From the Richmond Dispatch, 4/24/1863, p. 1, c. 4

Unconditionally Released. – A flag of truce left for City Point yesterday morning carrying 167 Federal prisoners, including five officers. Among the officers was Lieut. W. F. Stone, of the 1st Maine cavalry, who was captured at Bealton Station on the 16th, inst. Lieut. Stone is a native of Portland, Maine, and was released unconditionally, without exchanged or parole. The circumstances which justified this step were as follows: Lieut. Stone was taken prisoner by Lieut. J. A. Payne, of the Black Horse Cavalry, who, while proceeding with his prisoner to Gen.

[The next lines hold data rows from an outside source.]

(* Let $(V_i)_{i\ge0}$ be a sequence of non-negative integers with $V_i-1\le V_{i+1}\le V_i$ for all $i$. Suppose $\rho=(\rho_1,\dots,\rho_t)\in\mathbb{Z}^t$ has non-negative entries, set $n=\|\rho\|=\sum\rho_i^2$, and suppose that for all integers $0\le k\le n/2$, $$8V_k=\min\{\|c\|-t:\ c\in\mathrm{Char}(\mathbb{Z}^t),\ |c\cdot\rho|=n-2k\}.$$ Then the entries $\rho_i$ with $\rho_i\ge2$ (as a multiset) are determined by the sequence $(V_i)_{i\ge0}$; in particular they are independent of $n$ and $t$.
   Context: $\mathbb{Z}^t$ carries the standard inner product, $\|c\|=c\cdot c$, and $\mathrm{Char}(\mathbb{Z}^t)$ is the set of vectors all of whose coordinates are odd. *)

theory Defs
  imports Main "HOL-Library.Multiset"
begin

text \<open>Vectors in Z^t are represented as int lists of length t.\<close>

definition ip :: "int list \<Rightarrow> int list \<Rightarrow> int" where
  "ip c r = sum_list (map (\<lambda>(x, y). x * y) (zip c r))"

definition sqn :: "int list \<Rightarrow> int" where
  "sqn c = ip c c"

definition Char :: "nat \<Rightarrow> int list set" where
  "Char t = {c. length c = t \<and> (\<forall>x\<in>set c. odd x)}"

definition is_min_of :: "int \<Rightarrow> int set \<Rightarrow> bool" where
  "is_min_of m S \<longleftrightarrow> m \<in> S \<and> (\<forall>y\<in>S. m \<le> y)"

definition realizes :: "(nat \<Rightarrow> nat) \<Rightarrow> int list \<Rightarrow> bool" where
  "realizes V \<rho> \<longleftrightarrow>
     (\<forall>x\<in>set \<rho>. 0 \<le> x) \<and>
     (\<forall>k::nat. 2 * int k \<le> sqn \<rho> \<longrightarrow>
        is_min_of (8 * int (V k))
          {sqn c - int (length \<rho>) | c. c \<in> Char (length \<rho>) \<and>
                                         \<bar>ip c \<rho>\<bar> = sqn \<rho> - 2 * int k})"

end

theory Submission
  imports Defs Complex_Main
begin

text \<open>
  Put \<open>N = \<Sum>\<^sub>i \<rho>\<^sub>i(\<rho>\<^sub>i - 1)/2\<close>. The all-ones vector shows \<open>V N = 0\<close>, and a characteristic
  vector with \<open>\<parallel>c\<parallel> = t\<close> has entries \<open>\<plusminus>1\<close>, so \<open>V k > 0\<close> for \<open>k < N\<close>: thus \<open>N\<close> is the first
  zero of \<open>V\<close>. Minimising \<open>(\<parallel>c\<parallel> - t)/8 - \<lambda>(c\<cdot>\<rho> - \<Sum>\<^sub>i \<rho>\<^sub>i)/2\<close> coordinatewise over odd \<open>c\<close>, and
  alternatively first over the value \<open>c\<cdot>\<rho> = n - 2k\<close>, gives for \<open>0 \<le> \<lambda> < 1/2\<close>
  \<open>\<Sum>\<^sub>i \<psi>(\<lambda>\<rho>\<^sub>i) = min\<^sub>k\<^sub>\<le>\<^sub>N (V k - \<lambda>(N - k))\<close>. The left-hand side only sees the entries \<open>\<ge> 3\<close>,
  and it determines them: at \<open>\<lambda> = (2M + 1)/(2M\<^sup>2)\<close> the largest entry \<open>M\<close> is the only one
  contributing. Finally the number of entries equal to \<open>2\<close> is recovered from \<open>N\<close>.
\<close>

lemma ip_Nil [simp]: "ip [] r = 0"
  by (simp add: ip_def)

lemma ip_Cons [simp]: "ip (a # c) (b # r) = a * b + ip c r"
  by (simp add: ip_def)

lemma sqn_Nil [simp]: "sqn [] = 0"
  by (simp add: sqn_def)

lemma sqn_Cons [simp]: "sqn (a # c) = a * a + sqn c"
  by (simp add: sqn_def)

lemma ip_map_uminus: "ip (map uminus c) r = - ip c r"
  by (induction c r rule: list_induct2') (auto simp: ip_def)

lemma sqn_map_uminus: "sqn (map uminus c) = sqn c"
  by (induction c) auto

lemma ip_replicate_one: "ip (replicate (length r) 1) r = sum_list r"
  by (induction r) auto

lemma sqn_replicate_one: "sqn (replicate n 1) = int n"
  by (induction n) auto

lemma Char_uminus: "c \<in> Char t \<Longrightarrow> map uminus c \<in> Char t"
  by (auto simp: Char_def)

lemma sqn_odd_ge_length:
  assumes "\<forall>x\<in>set c. odd x"
  shows "int (length c) \<le> sqn c"
  using assms
proof (induction c)
  case (Cons a c)
  then have "a \<noteq> 0" by auto
  then have "1 \<le> a * a"
    by (metis int_one_le_iff_zero_less not_square_less_zero zero_less_mult_iff linorder_neq_iff)
  with Cons show ?case by simp
qed simp

lemma sqn_odd_eq_length_imp_units:
  assumes "\<forall>x\<in>set c. odd x" "sqn c = int (length c)"
  shows "\<forall>x\<in>set c. x = 1 \<or> x = -1"
  using assms
proof (induction c)
  case (Cons a c)
  have "a \<noteq> 0" using Cons.prems by auto
  then have a: "1 \<le> a * a"
    by (metis int_one_le_iff_zero_less not_square_less_zero zero_less_mult_iff linorder_neq_iff)
  have "int (length c) \<le> sqn c" using Cons.prems by (intro sqn_odd_ge_length) auto
  with a Cons.prems have "a * a = 1" "sqn c = int (length c)" by auto
  with Cons show ?case by (auto simp: zmult_eq_1_iff)
qed simp

lemma abs_ip_units_le_sum:
  assumes "length c = length r" "\<forall>x\<in>set c. x = 1 \<or> x = -1" "\<forall>x\<in>set r. 0 \<le> x"
  shows "\<bar>ip c r\<bar> \<le> sum_list r"
  using assms by (induction c r rule: list_induct2) (auto simp: abs_le_iff)

section \<open>The function \<open>\<psi>\<close>\<close>

text \<open>\<open>\<psi> \<mu>\<close> is the minimum of \<open>(c\<^sup>2 - 1)/8 - \<mu>(c - 1)/2\<close> over odd \<open>c\<close>, attained at \<open>c = 2\<lfloor>\<mu>\<rfloor> + 1\<close>.\<close>

definition psi :: "real \<Rightarrow> real" where
  "psi \<mu> = of_int \<lfloor>\<mu>\<rfloor> * (of_int \<lfloor>\<mu>\<rfloor> + 1) / 2 - \<mu> * of_int \<lfloor>\<mu>\<rfloor>"

lemma psi_le_odd:
  fixes c :: int
  assumes "odd c"
  shows "psi \<mu> \<le> (of_int (c * c) - 1) / 8 - \<mu> * (of_int c - 1) / 2"
proof -
  obtain x where c: "c = 2 * x + 1" using assms by (metis oddE)
  define j where "j = \<lfloor>\<mu>\<rfloor>"
  have j: "of_int j \<le> \<mu>" "\<mu> < of_int j + 1" unfolding j_def by linarith+
  have "(of_int (c * c) - 1) / 8 - \<mu> * (of_int c - 1) / 2 - psi \<mu>
      = (of_int x - of_int j) * ((of_int x + of_int j + 1) / 2 - \<mu>)"
    unfolding psi_def c j_def[symmetric] by (simp add: field_simps)
  moreover have "(of_int x - of_int j) * ((of_int x + of_int j + 1) / 2 - \<mu>) \<ge> (0::real)"
  proof (cases "j < x")
    case True
    then have "real_of_int x \<ge> of_int j + 1" by linarith
    with j show ?thesis by (intro mult_nonneg_nonneg) auto
  next
    case False
    then have "x = j \<or> real_of_int x \<le> of_int j - 1" by linarith
    with j show ?thesis by (auto intro: mult_nonpos_nonpos)
  qed
  ultimately show ?thesis by linarith
qed

lemma psi_eq_floor:
  "psi \<mu> = (of_int ((2 * \<lfloor>\<mu>\<rfloor> + 1) * (2 * \<lfloor>\<mu>\<rfloor> + 1)) - 1) / 8 - \<mu> * (of_int (2 * \<lfloor>\<mu>\<rfloor> + 1) - 1) / 2"
  unfolding psi_def by (simp add: field_simps)

lemma psi_eq_0:
  assumes "0 \<le> \<mu>" "\<mu> < 1"
  shows "psi \<mu> = 0"
proof -
  have "\<lfloor>\<mu>\<rfloor> = 0" using assms by linarith
  then show ?thesis by (simp add: psi_def)
qed

lemma psi_neg:
  assumes "1 < \<mu>" "\<mu> < 2"
  shows "psi \<mu> < 0"
proof -
  have "\<lfloor>\<mu>\<rfloor> = 1" using assms by linarith
  with assms show ?thesis by (simp add: psi_def)
qed

lemma psi_nonpos:
  assumes "0 \<le> \<mu>"
  shows "psi \<mu> \<le> 0"
proof -
  define j where "j = \<lfloor>\<mu>\<rfloor>"
  have j: "0 \<le> j" "real_of_int j \<le> \<mu>" unfolding j_def using assms by linarith+
  then have "real_of_int j * of_int j \<le> \<mu> * of_int j" by (intro mult_right_mono) auto
  moreover have "j \<le> j * j" using j(1) by (cases "j = 0") (auto simp: mult_le_cancel_left1)
  then have "real_of_int j \<le> of_int j * of_int j" by (metis of_int_le_iff of_int_mult)
  ultimately show ?thesis unfolding psi_def j_def[symmetric] by (simp add: field_simps)
qed

definition psi_sum :: "int multiset \<Rightarrow> real \<Rightarrow> real" where
  "psi_sum A l = (\<Sum>x\<in>#A. psi (l * of_int x))"

lemma psi_sum_empty [simp]: "psi_sum {#} l = 0"
  by (simp add: psi_sum_def)

lemma psi_sum_add_mset [simp]: "psi_sum (add_mset x A) l = psi (l * of_int x) + psi_sum A l"
  by (simp add: psi_sum_def)

lemma psi_sum_union: "psi_sum (A + B) l = psi_sum A l + psi_sum B l"
  by (simp add: psi_sum_def)

lemma psi_sum_eq_0:
  assumes "\<forall>x\<in>#A. 0 \<le> l * of_int x \<and> l * of_int x < 1"
  shows "psi_sum A l = 0"
  using assms by (induction A) (auto simp: psi_eq_0)

lemma psi_sum_nonpos:
  assumes "\<forall>x\<in>#A. 0 \<le> x" "0 \<le> l"
  shows "psi_sum A l \<le> 0"
  using assms by (induction A) (auto intro!: add_nonpos_nonpos psi_nonpos)

text \<open>The quantity whose minimum over \<open>c \<in> Char(\<int>\<^sup>t)\<close> is computed in two ways.\<close>

definition char_energy :: "real \<Rightarrow> int list \<Rightarrow> int list \<Rightarrow> real" where
  "char_energy l \<rho> c =
     (of_int (sqn c) - of_nat (length \<rho>)) / 8 - l * (of_int (ip c \<rho>) - of_int (sum_list \<rho>)) / 2"

lemma char_energy_Nil [simp]: "char_energy l [] [] = 0"
  by (simp add: char_energy_def)

lemma char_energy_Cons [simp]:
  "char_energy l (b # \<rho>) (a # c) =
     (of_int (a * a) - 1) / 8 - l * of_int b * (of_int a - 1) / 2 + char_energy l \<rho> c"
  by (simp add: char_energy_def field_simps)

lemma psi_sum_le_char_energy:
  assumes "length c = length \<rho>" "\<forall>x\<in>set c. odd x"
  shows "psi_sum (mset \<rho>) l \<le> char_energy l \<rho> c"
  using assms
proof (induction c \<rho> rule: list_induct2)
  case (Cons a c b \<rho>)
  then have "psi (l * of_int b) \<le> (of_int (a * a) - 1) / 8 - l * of_int b * (of_int a - 1) / 2"
    using psi_le_odd[of a "l * of_int b"] by simp
  with Cons show ?case by simp
qed simp

lemma psi_sum_eq_char_energy_floor:
  "psi_sum (mset \<rho>) l = char_energy l \<rho> (map (\<lambda>r. 2 * \<lfloor>l * of_int r\<rfloor> + 1) \<rho>)"
  by (induction \<rho>) (simp_all add: psi_eq_floor[of "l * of_int _"] mult.assoc)

definition choose2_sum :: "int multiset \<Rightarrow> int" where
  "choose2_sum A = (\<Sum>x\<in>#A. x * (x - 1) div 2)"

lemma choose2_sum_nonneg: "0 \<le> choose2_sum A"
proof -
  have "0 \<le> x * (x - 1) div 2" for x :: int
    by (cases "0 < x") (auto simp: zero_le_mult_iff)
  then show ?thesis unfolding choose2_sum_def by (induction A) auto
qed

lemma two_choose2_sum_mset: "2 * choose2_sum (mset \<rho>) = sqn \<rho> - sum_list \<rho>"
proof (induction \<rho>)
  case (Cons a \<rho>)
  have "2 * (a * (a - 1) div 2) = a * a - a" by (simp add: algebra_simps)
  with Cons show ?case by (simp add: choose2_sum_def algebra_simps)
qed (simp add: choose2_sum_def)
lemma infdist_control_insert:
  fixes W :: "'v::real_normed_vector set" and \<psi> :: "'v \<Rightarrow>\<^sub>L real"
  assumes W: "subspace W" and psiW: "\<And>w. w \<in> W \<Longrightarrow> \<psi> w = 0" and psif: "\<psi> f = 1"
    and C1: "0 \<le> C1" "finite \<Phi>1"
      "\<And>x. infdist x (span (insert f W)) \<le> C1 * (\<Sum>\<phi>\<in>\<Phi>1. \<bar>blinfun_apply \<phi> x\<bar>)"
  shows "infdist x W \<le> ((1 + norm \<psi> * norm f) * C1 + norm f) * (\<Sum>\<phi>\<in>insert \<psi> \<Phi>1. \<bar>blinfun_apply \<phi> x\<bar>)"
proof -
  have s1: "(\<Sum>\<phi>\<in>\<Phi>1. \<bar>blinfun_apply \<phi> x\<bar>) \<le> (\<Sum>\<phi>\<in>insert \<psi> \<Phi>1. \<bar>blinfun_apply \<phi> x\<bar>)"
    by (rule sum_mono2) (use C1 in auto)
  have s2: "\<bar>\<psi> x\<bar> \<le> (\<Sum>\<phi>\<in>insert \<psi> \<Phi>1. \<bar>blinfun_apply \<phi> x\<bar>)"
    by (rule member_le_sum) (use C1 in auto)
  have "infdist x W \<le> (1 + norm \<psi> * norm f) * infdist x (span (insert f W)) + norm f * \<bar>\<psi> x\<bar>"
    by (rule infdist_insert_functional[OF W psiW psif])
  also have "\<dots> \<le> (1 + norm \<psi> * norm f) * (C1 * (\<Sum>\<phi>\<in>insert \<psi> \<Phi>1. \<bar>blinfun_apply \<phi> x\<bar>))
                 + norm f * (\<Sum>\<phi>\<in>insert \<psi> \<Phi>1. \<bar>blinfun_apply \<phi> x\<bar>)"
    using s2 order_trans[OF C1(3) mult_left_mono[OF s1 C1(1)]]
    by (intro add_mono mult_left_mono) auto
  finally show ?thesis by (simp add: algebra_simps)
qed

lemma codim_functionals:
  fixes W :: "'v::real_normed_vector set"
  assumes "finite F" "closed W" "subspace W" "span (W \<union> F) = UNIV"
  obtains \<Phi> :: "('v \<Rightarrow>\<^sub>L real) set" and C where "0 \<le> C" "finite \<Phi>"
    "\<And>x. infdist x W \<le> C * (\<Sum>\<phi>\<in>\<Phi>. \<bar>blinfun_apply \<phi> x\<bar>)"
  using assms
proof (induction F arbitrary: W thesis rule: finite_induct)
  case empty
  moreover have "span W = W" using empty(3) by (rule span_eq_iff[THEN iffD2])
  ultimately have "W = UNIV" by simp
  thus ?case using empty(1)[of 0 "{}"] by simp
next
  case (insert f F)
  define S where "S = span (W \<union> F)"
  have cS: "closed S"
    unfolding S_def by (rule closed_span_finite[OF insert.hyps(1) insert.prems(2,3)])
  have sS: "subspace S" unfolding S_def by (rule subspace_span)
  have US: "span (insert f S) = UNIV" using insert.prems(4) by (simp add: S_def span_insert span_span)
  show ?case
  proof (cases "f \<in> S")
    case True
    have "span (insert f S) = span S" by (rule span_redundant) (rule span_base[OF True])
    also have "\<dots> = S" unfolding S_def by (rule span_span)
    finally have "span (W \<union> F) = UNIV" using US by (simp only: S_def)
    from insert.IH[OF insert.prems(1,2,3) this] show ?thesis .
  next
    case False
    obtain \<psi> :: "'v \<Rightarrow>\<^sub>L real" where psiS: "\<And>s. s \<in> S \<Longrightarrow> \<psi> s = 0" and psif: "\<psi> f = 1"
      using coord_functional[OF cS sS False US] unfolding S_def by blast
    have psiW: "\<psi> w = 0" if "w \<in> W" for w
      using psiS that span_superset unfolding S_def by blast
    define W1 where "W1 = span (insert f W)"
    have "span (W \<union> insert f F) \<subseteq> span (W1 \<union> F)"
      unfolding W1_def by (intro span_mono) (use span_superset[of "insert f W"] in blast)
    hence U1: "span (W1 \<union> F) = UNIV" using insert.prems(4) by blast
    have cW1: "closed W1" unfolding W1_def by (rule closed_span_insert[OF insert.prems(2,3)])
    have sW1: "subspace W1" unfolding W1_def by (rule subspace_span)
    obtain \<Phi>1 C1 where C1: "0 \<le> C1" "finite \<Phi>1"
        "\<And>x. infdist x W1 \<le> C1 * (\<Sum>\<phi>\<in>\<Phi>1. \<bar>blinfun_apply \<phi> x\<bar>)"
      using insert.IH[OF _ cW1 sW1 U1] by blast
    have "0 \<le> (1 + norm \<psi> * norm f) * C1 + norm f" using C1 by simp
    thus ?thesis
      by (rule insert.prems(1)[OF _ _ infdist_control_insert[OF insert.prems(3) psiW psif C1[unfolded W1_def]]])
        (use C1 in simp)
  qed
qed

lemma weakly_null_infdist:
  fixes x :: "nat \<Rightarrow> 'v::real_normed_vector"
  assumes x: "weakly_null x" and W: "closed W" "subspace W" "finite_codim W"
  shows "(\<lambda>m. infdist (x m) W) \<longlonglongrightarrow> 0"
proof -
  obtain F where F: "finite F" "span (W \<union> F) = UNIV"
    using W(3) unfolding finite_codim_def by blast
  obtain C and \<Phi> :: "('v \<Rightarrow>\<^sub>L real) set" where C: "0 \<le> C" "finite \<Phi>"
    "\<And>y. infdist y W \<le> C * (\<Sum>\<phi>\<in>\<Phi>. \<bar>blinfun_apply \<phi> y\<bar>)"
    by (rule codim_functionals[OF F(1) W(1,2) F(2)]) auto
  have "(\<lambda>m. \<bar>blinfun_apply \<phi> (x m)\<bar>) \<longlonglongrightarrow> 0" for \<phi> :: "'v \<Rightarrow>\<^sub>L real"
  proof -
    have "(\<lambda>m. blinfun_apply \<phi> (x m)) \<longlonglongrightarrow> 0" using x unfolding weakly_null_def by blast
    thus ?thesis by (rule tendsto_rabs_zero)
  qed
  hence "(\<lambda>m. \<Sum>\<phi>\<in>\<Phi>. \<bar>blinfun_apply \<phi> (x m)\<bar>) \<longlonglongrightarrow> (\<Sum>\<phi>\<in>\<Phi>. 0)"
    by (intro tendsto_sum)
  hence "(\<lambda>m. C * (\<Sum>\<phi>\<in>\<Phi>. \<bar>blinfun_apply \<phi> (x m)\<bar>)) \<longlonglongrightarrow> 0"
    by (simp add: tendsto_mult_right_zero)
  moreover have "\<forall>m. norm (infdist (x m) W) \<le> C * (\<Sum>\<phi>\<in>\<Phi>. \<bar>blinfun_apply \<phi> (x m)\<bar>)"
    using C(3) by (simp add: infdist_nonneg)
  ultimately show ?thesis by (rule Lim_null_comparison[OF always_eventually, rotated])
qed

lemma separable_type_dense_seq:
  assumes "separable_type TYPE('a)"
  obtains d :: "nat \<Rightarrow> 'a::metric_space" where "closure (range d) = UNIV"
proof -
  obtain D :: "'a set" where D: "countable D" "closure D = UNIV"
    using assms unfolding separable_type_def by blast
  hence "D \<noteq> {}" by auto
  hence "range (from_nat_into D) = D" using D(1) by (rule range_from_nat_into)
  thus ?thesis using D(2) by (intro that[of "from_nat_into D"]) simp
qed

lemma weak_star_null_from_dense:
  fixes hs :: "nat \<Rightarrow> ('b::real_normed_vector \<Rightarrow>\<^sub>L real)"
  assumes bdd: "\<And>n. norm (hs n) \<le> M" and dense: "closure (range d) = UNIV"
    and pointwise: "\<And>i. (\<lambda>n. hs n (d i)) \<longlonglongrightarrow> 0"
  shows "weak_star_null hs"
  unfolding weak_star_null_def
proof (intro allI tendstoI)
  fix x :: 'b and e :: real assume e: "0 < e"
  have M0: "0 \<le> M" using bdd[of 0] norm_ge_zero[of "hs 0"] by linarith
  have "0 < e / (2 * (M + 1))" using e M0 by simp
  moreover have "x \<in> closure (range d)" using dense by simp
  ultimately obtain i where "dist (d i) x < e / (2 * (M + 1))"
    unfolding closure_approachable by blast
  hence i: "norm (x - d i) < e / (2 * (M + 1))" by (simp add: dist_norm norm_minus_commute)
  have close: "\<bar>hs n x - hs n (d i)\<bar> < e/2" for n
  proof -
    have "\<bar>hs n x - hs n (d i)\<bar> \<le> norm (hs n) * norm (x - d i)"
      using norm_blinfun[of "hs n" "x - d i"] by (simp add: blinfun.diff_right)
    also have "\<dots> \<le> M * (e / (2 * (M + 1)))"
      using bdd[of n] i M0 by (intro mult_mono) auto
    also have "\<dots> < e/2" using M0 e by (simp add: field_simps)
    finally show ?thesis .
  qed
  have "eventually (\<lambda>n. dist (hs n (d i)) 0 < e/2) sequentially"
    using pointwise[of i] e by (intro tendstoD) auto
  thus "eventually (\<lambda>n. dist (hs n x) 0 < e) sequentially"
  proof (rule eventually_mono)
    fix n assume "dist (hs n (d i)) 0 < e/2"
    thus "dist (hs n x) 0 < e"
      using close[of n] abs_triangle_ineq[of "hs n x - hs n (d i)" "hs n (d i)"]
      by (simp add: dist_real_def)
  qed
qed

Stuart’s headquarters, had to cross a swollen stream, which washed his horse from under him, and he was about drowning, when Stone, an athletic young man, who was standing on the bank, leaped from his own horse, plunged into the stream, and brought Lieut. Payne safe to shore with great danger to himself. This circumstance, so creditable to Lieut. Stone, was made known to the Secretary of War by Gen. Stuart, who bespoke kind treatment for the captive. The Secretary of War issued an order that he should be released unconditionally and sent home, which was done yesterday. Since the 16th instant Lieut. Payne himself has been captured and thrown in the old Capitol prison, Washington, D.C. Before the departure of Lieut. Stone he promised to call and see him.